Gates to preview Windows' third decade

The newest and next versions of Windows -- XP Professional x64 Edition and Longhorn -- will share center stage this week at WinHEC, Microsoft's annual Windows Hardware Engineering Conference.

Both versions are expected to figure prominently in Microsoft chairman and chief software architect Bill Gates' keynote address previewing the third decade of Windows, the operating system that was launched in late 1985.

WinHEC, a conference where Microsoft previews its software for PC makers and other hardware designers, this year doubles as the launch event for XP Pro x64, Microsoft's first operating system for desktop computers powered by 64-bit CPUs.

Microsoft is also launching three 64-bit server OSes: Microsoft Windows Server 2003 Standard x64 Edition, Microsoft Windows Server 2003 Enterprise x64 Edition, and Microsoft Windows Server 2003 Datacenter x64 Edition.

Conference attendees will also receive preview code of Longhorn, the next version of Windows. The beta program is scheduled to appear this summer, with the OS still on track to ship in the second half of 2006.

Microsoft says a number of vendors will be announcing systems with x64 (either the desktop or one of the server editions) pre-installed, including Acer, AlienWare, Dell, FSC, Fujitsu, HP, Hitachi, IBM, NEC, and Unisys.

Individuals who already own 64-bit PCs running the 32-bit version of Windows XP Professional have until July 30 to replace it with a licensed version of x64 at no charge through Microsoft's Technology Advancement Program. Details will be made available through Microsoft's x64 Web site.
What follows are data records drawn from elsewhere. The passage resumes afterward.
(* Let $r\ge 2$ and let $S$ be a mutual-visibility set of the glued binary tree $GT(r)$. If $|S\cap V_r^{(1)}|\ge 2$, then to each vertex $v\in S\cap V_r^{(1)}$ one can assign a pair of twin quasi-leaves belonging to $T_v$ and not belonging to $S$, in such a way that the pairs assigned to distinct vertices of $S\cap V_r^{(1)}$ are pairwise disjoint.
   Context: A perfect binary tree of depth $r\ge1$ is a rooted tree in which every non-leaf vertex has exactly $2$ children and all leaves have depth $r$. The glued binary tree $GT(r)$ is obtained from two copies $T_r^{(1)}$ and $T_r^{(2)}$ of the perfect binary tree of depth $r$ by pairwise identifying their leaves (via a fixed isomorphism of the copies). The identified vertices are the quasi-leaves; $L(GT(r))=V(T_r^{(1)})\cap V(T_r^{(2)})$ is the set of quasi-leaves, and $V_r^{(i)}=V(T_r^{(i)})\setminus L(GT(r))$ for $i\in\{1,2\}$. Two quasi-leaves $u,v$ with $N(u)=N(v)$ are twin quasi-leaves. For a vertex $u\in V_r^{(1)}$ (resp. $V_r^{(2)}$), $T_u$ denotes the subtree of $T_r^{(1)}$ (resp. $T_r^{(2)}$) rooted at $u$ consisting of $u$ and all its descendants, its leaves being the quasi-leaves that are descendants of $u$. For $S\subseteq V(G)$, two vertices $u,v$ are $S$-visible if there exists a shortest $u,v$-path $P$ with $V(P)\cap S\subseteq\{u,v\}$; $S$ is a mutual-visibility set if every two vertices of $S$ are $S$-visible. *)

theory Defs
  imports Main
begin

text \<open>Vertices of GT(r) are pairs (i, w) with w a binary string (the path from the root).
  i = 1 or i = 2: non-leaf vertex of the copy T_r^(i), length w < r;
  i = 0: quasi-leaf (identified leaf of both copies), length w = r.
  The fixed isomorphism between the copies is the identity on strings.\<close>

type_synonym gvert = "nat \<times> bool list"

definition gt_V :: "nat \<Rightarrow> gvert set" where
  "gt_V r = {(i, w). ((i = 1 \<or> i = 2) \<and> length w < r) \<or> (i = 0 \<and> length w = r)}"

definition gt_L :: "nat \<Rightarrow> gvert set" where
  "gt_L r = {(i, w). i = 0 \<and> length w = r}"

definition gt_Vcopy :: "nat \<Rightarrow> nat \<Rightarrow> gvert set" where
  "gt_Vcopy r i = {(j, w). j = i \<and> length w < r}"

definition gt_child :: "nat \<Rightarrow> gvert \<Rightarrow> gvert \<Rightarrow> bool" where
  "gt_child r x y \<longleftrightarrow> x \<in> gt_V r \<and> y \<in> gt_V r \<and> fst x \<noteq> 0 \<and>
     (\<exists>b. snd y = snd x @ [b]) \<and> (fst y = fst x \<or> fst y = 0)"

definition gt_adj :: "nat \<Rightarrow> gvert \<Rightarrow> gvert \<Rightarrow> bool" where
  "gt_adj r x y \<longleftrightarrow> gt_child r x y \<or> gt_child r y x"

definition gt_nbhd :: "nat \<Rightarrow> gvert \<Rightarrow> gvert set" where
  "gt_nbhd r x = {y. gt_adj r x y}"

definition gt_walk :: "nat \<Rightarrow> gvert list \<Rightarrow> bool" where
  "gt_walk r p \<longleftrightarrow> p \<noteq> [] \<and> set p \<subseteq> gt_V r \<and>
     (\<forall>k. Suc k < length p \<longrightarrow> gt_adj r (p ! k) (p ! Suc k))"

definition gt_dist :: "nat \<Rightarrow> gvert \<Rightarrow> gvert \<Rightarrow> nat" where
  "gt_dist r u v = (LEAST n. \<exists>p. gt_walk r p \<and> hd p = u \<and> last p = v \<and> length p = Suc n)"

definition gt_shortest_path :: "nat \<Rightarrow> gvert \<Rightarrow> gvert \<Rightarrow> gvert list \<Rightarrow> bool" where
  "gt_shortest_path r u v p \<longleftrightarrow> gt_walk r p \<and> hd p = u \<and> last p = v \<and>
     length p = Suc (gt_dist r u v)"

definition gt_S_visible :: "nat \<Rightarrow> gvert set \<Rightarrow> gvert \<Rightarrow> gvert \<Rightarrow> bool" where
  "gt_S_visible r S u v \<longleftrightarrow>
     (\<exists>p. gt_shortest_path r u v p \<and> set p \<inter> S \<subseteq> {u, v})"

definition gt_mutual_visibility :: "nat \<Rightarrow> gvert set \<Rightarrow> bool" where
  "gt_mutual_visibility r S \<longleftrightarrow> S \<subseteq> gt_V r \<and>
     (\<forall>u\<in>S. \<forall>v\<in>S. gt_S_visible r S u v)"

definition gt_twin :: "nat \<Rightarrow> gvert \<Rightarrow> gvert \<Rightarrow> bool" where
  "gt_twin r x y \<longleftrightarrow> x \<in> gt_L r \<and> y \<in> gt_L r \<and> x \<noteq> y \<and> gt_nbhd r x = gt_nbhd r y"

definition gt_subtree_leaves :: "nat \<Rightarrow> gvert \<Rightarrow> gvert set" where
  "gt_subtree_leaves r v = {(j, u). j = 0 \<and> length u = r \<and> (\<exists>s. u = snd v @ s)}"

end

theory Submission
  imports Defs "HOL-Library.Sublist"
begin

text \<open>If (1, w) lies in a mutual-visibility set S and some vertex of S outside copy 2 lies below
  the child w @ [d] of (1, w), then every other vertex of S in copy 1 lies below w @ [d] too:
  otherwise every shortest path between the two passes through (1, w), because avoiding it
  forces a detour through copy 2.
  Hence every v in S in copy 1 has a free descendant b(v), namely v itself or, if all other
  copy-1 vertices of S lie below one child of v, the other child, such that no vertex of S
  outside copy 2 except v lies at or below b(v); moreover the words b(v) are pairwise
  incomparable. Two sibling quasi-leaves below b(v) are the twins assigned to v.\<close>

lemma longest_common_prefix_prefix_eq:
  "prefix xs ys \<Longrightarrow> longest_common_prefix xs ys = xs"
  by (induction xs ys rule: longest_common_prefix.induct) auto

lemma longest_common_prefix_snoc:
  "longest_common_prefix (xs @ [x]) ys =
     (if prefix (xs @ [x]) ys then xs @ [x] else longest_common_prefix xs ys)"
proof (induction xs arbitrary: ys)
  case Nil
  then show ?case by (cases ys) auto
next
  case (Cons a xs)
  then show ?case by (cases ys) auto
qed

lemma length_longest_common_prefix_le:
  "length (longest_common_prefix xs ys) \<le> length xs"
  "length (longest_common_prefix xs ys) \<le> length ys"
  by (simp_all add: prefix_length_le longest_common_prefix_prefix1 longest_common_prefix_prefix2)

definition tree_dist :: "'a list \<Rightarrow> 'a list \<Rightarrow> nat" where
  "tree_dist xs ys = length xs + length ys - 2 * length (longest_common_prefix xs ys)"

lemma tree_dist_self [simp]: "tree_dist xs xs = 0"
  by (simp add: tree_dist_def longest_common_prefix_prefix_eq)

lemma tree_dist_eq_0_iff: "tree_dist xs ys = 0 \<longleftrightarrow> xs = ys"
proof
  assume "tree_dist xs ys = 0"
  then have "length xs \<le> length (longest_common_prefix xs ys)"
            "length ys \<le> length (longest_common_prefix xs ys)"
    using length_longest_common_prefix_le[of xs ys] by (auto simp: tree_dist_def)
  then show "xs = ys"
    by (metis longest_common_prefix_prefix1 longest_common_prefix_prefix2
        prefix_length_prefix prefix_order.eq_iff)
qed simp

lemma tree_dist_snoc_prefix:
  "prefix (xs @ [x]) ys \<Longrightarrow> tree_dist xs ys = Suc (tree_dist (xs @ [x]) ys)"
  using prefix_length_le[of "xs @ [x]" ys]
  by (simp add: tree_dist_def longest_common_prefix_prefix_eq append_prefixD)

lemma tree_dist_snoc_not_prefix:
  "\<not> prefix (xs @ [x]) ys \<Longrightarrow> tree_dist (xs @ [x]) ys = Suc (tree_dist xs ys)"
  using length_longest_common_prefix_le[of xs ys]
  by (simp add: tree_dist_def longest_common_prefix_snoc)

lemma tree_dist_snoc_cases:
  "tree_dist (xs @ [x]) ys = Suc (tree_dist xs ys) \<or> tree_dist xs ys = Suc (tree_dist (xs @ [x]) ys)"
  by (cases "prefix (xs @ [x]) ys") (simp_all add: tree_dist_snoc_prefix tree_dist_snoc_not_prefix)

lemma tree_dist_step:
  assumes "xs \<noteq> ys"
  obtains zs x where "xs = zs @ [x]" "tree_dist xs ys = Suc (tree_dist zs ys)"
  | x where "prefix (xs @ [x]) ys" "tree_dist xs ys = Suc (tree_dist (xs @ [x]) ys)"
proof (cases "prefix xs ys")
  case True
  then obtain zs where ys: "ys = xs @ zs" by (rule prefixE)
  with assms obtain x zs' where "zs = x # zs'" by (cases zs) auto
  then have "prefix (xs @ [x]) ys" by (simp add: ys)
  moreover from this have "tree_dist xs ys = Suc (tree_dist (xs @ [x]) ys)"
    by (rule tree_dist_snoc_prefix)
  ultimately show ?thesis by (rule that(2))
next
  case False
  then obtain zs x where xs: "xs = zs @ [x]"
    by (cases xs rule: rev_cases) auto
  moreover have "tree_dist xs ys = Suc (tree_dist zs ys)"
    using False tree_dist_snoc_not_prefix by (simp add: xs)
  ultimately show ?thesis by (rule that(1))
qed

lemma list_potential_bound:
  fixes f :: "'a \<Rightarrow> nat"
  assumes "xs \<noteq> []" and "\<And>k. Suc k < length xs \<Longrightarrow> f (xs ! k) \<le> Suc (f (xs ! Suc k))"
  shows "f (hd xs) \<le> f (last xs) + (length xs - 1)"
  using assms
proof (induction xs)
  case (Cons x xs)
  show ?case
  proof (cases "xs = []")
    case False
    have "f (hd xs) \<le> f (last xs) + (length xs - 1)"
      using Cons.IH[OF False] Cons.prems(2)[of "Suc _"] by simp
    moreover have "f x \<le> Suc (f (hd xs))"
      using Cons.prems(2)[of 0] False by (simp add: hd_conv_nth)
    ultimately show ?thesis using False by (cases xs) auto
  qed simp
qed simp

definition copy1_vertex :: "nat \<Rightarrow> bool list \<Rightarrow> gvert" where
  "copy1_vertex r s = (if length s = r then 0 else 1, s)"

lemma copy1_vertex_in_gt_V: "length s \<le> r \<Longrightarrow> copy1_vertex r s \<in> gt_V r"
  by (auto simp: copy1_vertex_def gt_V_def)

lemma gt_adj_commute: "gt_adj r x y \<longleftrightarrow> gt_adj r y x"
  by (auto simp: gt_adj_def)

lemma gt_adj_copy1_vertex_snoc:
  assumes "length s < r"
  shows "gt_adj r (copy1_vertex r s) (copy1_vertex r (s @ [x]))"
proof -
  have "gt_child r (copy1_vertex r s) (copy1_vertex r (s @ [x]))"
    using assms copy1_vertex_in_gt_V[of s r] copy1_vertex_in_gt_V[of "s @ [x]" r]
    unfolding gt_child_def by (simp add: copy1_vertex_def)
  then show ?thesis by (simp add: gt_adj_def)
qed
Anyone contemplating an upgrade to x64 will want to make sure their hardware has 64-bit support. A number of component vendors were planning on announcing such support at WinHEC.

Not quite mainstream

Microsoft expects the new x64 servers to take over the market fairly quickly. But although the new 64-bit desktop OS will be available to anyone with a 64-bit system, Microsoft is not positioning it as a mainstream OS. Rather, it's designed for high-end workstations used by technical workers, engineers, and enthusiasts.

These are the folks most likely to be using the new 64-bit apps that will take full advantage of the new OS. Microsoft says some 400 64-bit applications are expected to arrive in the next 12 months, including about 130 that are expected to be listed on the x64 Web site. Vendors that have developed or are developing 64-bit apps include Adobe, Avid, BEA Systems, BMC, Cakewalk, Citrix Systems, CommVault, Computer Associates, DHI Water and Environment, EMC, Ericom, IBM, McAfee, NewTek, Oracle, PTC, Symantec, Trend Micro, UniGraphics Software, Veritas Software, and Valve Software, Microsoft officials say.

Microsoft officials previewing Gates' keynote for reporters say that in addition to launching x64, Gates is expected to focus on the increased importance of products enabling mobility, such as tablet PCs powered by Windows XP Professional Tablet PC Edition.

Gates is slated to show several new tablets, including ones that cost only $100 more than identical non-tablet products. Additionally, he's expected to show off a reference design for a post-Longhorn ultraportable that has a 9-inch screen, is no thicker than 10 sheets of paper, and will be operated by pen or voice commands. Another concept design that Longhorn will support will be a notebook with an auxiliary display on the lid, so that, for example, you could check your calendar without having to boot up the system.

First mainstream 64-bit OS

Longhorn will be the first mainstream 64-bit OS (a 32-bit version will also be available for legacy machines), Microsoft officials say. WinHEC sessions will showcase the OS's new Avalon user interface (announced previously, it offloads much of the display work to today's increasingly powerful graphics subsystems), data management tools, security, and other features.

Although the much publicized WinFS file system, which will include database features that could be exploited by third-party applications, won't be included in the shipping OS, Microsoft officials say some of its benefits will be available within Longhorn itself (but not for third-party apps).

People looking ahead to Longhorn's arrival may soon get some guidance on choosing a PC that they'll be able to upgrade. Microsoft plans to announce a program to designate systems as Longhorn-ready. Officials say the requirements will include a current mainstream (or better) CPU, 512MB of RAM, and a graphics subsystem that supports the Longhorn Display Driver Model (LDDM). A Microsoft spokesperson says most graphics board will likely qualify, while some integrated graphics systems that use shared system memory might not.

Additionally, Microsoft plans to announce a two-tiered logo program for peripherals and devices. In addition to the general program that will designate hardware as being Longhorn ready, there will be a "Plus" logo for products that will take full advantage of Longhorn's capability.

Finally, because Longhorn will bring a dramatic new look to Windows, Microsoft is sponsoring a contest for corresponding innovation in PC design. Details are not available, but Microsoft expects that finalists will be announced by the end of this year.